Problem: Locate and copy each line in the data that contains the word "obtain".

Supplied material:
(* Let $(U_a, U_b, R_a, R_b)$ be a belief structure, with $R_a \subseteq U_a \times U_b$ and $R_b \subseteq U_b \times U_a$. Suppose that for every predicate $p$ on $U_a$ in some class of predicates there is $x_0 \in U_a$ such that (1) $R_a(x_0) \subseteq \{ y \mid R_b(y) = \{ x \mid p(x) \} \}$, and (2) $\exists y.\, R_a(x_0, y)$. Suppose moreover that this class contains the predicates $q(x) \equiv \exists y. [R_a(x,y) \wedge R_b(y,x)]$ and $p(x) \equiv O(q(x))$. Then every unary propositional operator $O$ has a fixpoint: with $x_0$ chosen for the predicate $p(x) \equiv O(q(x))$, one has $O(q(x_0)) \Leftrightarrow q(x_0)$.
   Context: A belief structure is $(U_a, U_b, R_a, R_b)$ with relations $R_a \subseteq U_a \times U_b$, $R_b \subseteq U_b \times U_a$; $R_a(x)$ denotes $\{y \mid R_a(x,y)\}$. Assumption (1) says $x_0$ believes that $y$ assumes $p$, modally $x_0 \models \Box_a \boxplus_b p \wedge \Diamond_a \top$ together with (2). The Basic Lemma gives, under (1) and (2), $p(x_0) \Leftrightarrow \exists y.[R_a(x_0,y) \wedge R_b(y,x_0)]$. *)

theory Defs
  imports Main
begin

text \<open>A belief structure over carrier types 'a (U_a) and 'b (U_b):
  Ra is a relation from U_a to U_b, Rb a relation from U_b to U_a.
  Ra `` {x} is the set R_a(x).\<close>

definition believes_assumes ::
  "('a \<times> 'b) set \<Rightarrow> ('b \<times> 'a) set \<Rightarrow> ('a \<Rightarrow> bool) \<Rightarrow> 'a \<Rightarrow> bool" where
  "believes_assumes Ra Rb p x0 \<longleftrightarrow>
     Ra `` {x0} \<subseteq> {y. Rb `` {y} = {x. p x}} \<and> (\<exists>y. (x0, y) \<in> Ra)"

definition diag_pred :: "('a \<times> 'b) set \<Rightarrow> ('b \<times> 'a) set \<Rightarrow> 'a \<Rightarrow> bool" where
  "diag_pred Ra Rb x \<longleftrightarrow> (\<exists>y. (x, y) \<in> Ra \<and> (y, x) \<in> Rb)"

end

theory Submission
  imports Defs
begin

text \<open>If \<open>x\<^sub>0\<close> believes that \<open>y\<close> assumes \<open>p\<close>, then for every
  \<open>y \<in> R\<^sub>a(x\<^sub>0)\<close> the set \<open>R\<^sub>b(y)\<close> is exactly the extension of \<open>p\<close>, and such a \<open>y\<close> exists.
  Hence \<open>p x\<^sub>0\<close> holds iff \<open>x\<^sub>0 \<in> R\<^sub>b(y)\<close> for some \<open>y \<in> R\<^sub>a(x\<^sub>0)\<close>, i.e. iff \<open>q x\<^sub>0\<close>.
  Taking \<open>p = O \<circ> q\<close> gives the fixpoint \<open>O (q x\<^sub>0) \<longleftrightarrow> q x\<^sub>0\<close>, a form of the
  Brandenburger--Keisler paradox.\<close>

lemma believes_assumes_iff_diag_pred:
  assumes "believes_assumes Ra Rb p x0"
  shows "p x0 \<longleftrightarrow> diag_pred Ra Rb x0"
proof -
  from assms obtain y where y: "(x0, y) \<in> Ra"
    and ext: "\<And>y. (x0, y) \<in> Ra \<Longrightarrow> Rb `` {y} = {x. p x}"
    unfolding believes_assumes_def by blast
  show ?thesis
  proof
    assume "p x0"
    with ext[OF y] have "(y, x0) \<in> Rb" by blast
    with y show "diag_pred Ra Rb x0" unfolding diag_pred_def by blast
  next
    assume "diag_pred Ra Rb x0"
    then obtain z where "(x0, z) \<in> Ra" "(z, x0) \<in> Rb"
      unfolding diag_pred_def by blast
    with ext show "p x0" by blast
  qed
qed

theorem lemma2:
  fixes Ra :: "('a \<times> 'b) set" and Rb :: "('b \<times> 'a) set"
    and C :: "('a \<Rightarrow> bool) set" and Op :: "bool \<Rightarrow> bool"
  assumes complete: "\<forall>p\<in>C. \<exists>x0. believes_assumes Ra Rb p x0"
    and q_in: "diag_pred Ra Rb \<in> C"
    and p_in: "(\<lambda>x. Op (diag_pred Ra Rb x)) \<in> C"
  shows "(\<exists>x0. believes_assumes Ra Rb (\<lambda>x. Op (diag_pred Ra Rb x)) x0)
     \<and> (\<forall>x0. believes_assumes Ra Rb (\<lambda>x. Op (diag_pred Ra Rb x)) x0 \<longrightarrow>
              (Op (diag_pred Ra Rb x0) \<longleftrightarrow> diag_pred Ra Rb x0))"
proof
  show "\<exists>x0. believes_assumes Ra Rb (\<lambda>x. Op (diag_pred Ra Rb x)) x0"
    using complete p_in by blast
qed (intro allI impI believes_assumes_iff_diag_pred)

end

Finished exercise:
  from assms obtain y where y: "(x0, y) \<in> Ra"
    then obtain z where "(x0, z) \<in> Ra" "(z, x0) \<in> Rb"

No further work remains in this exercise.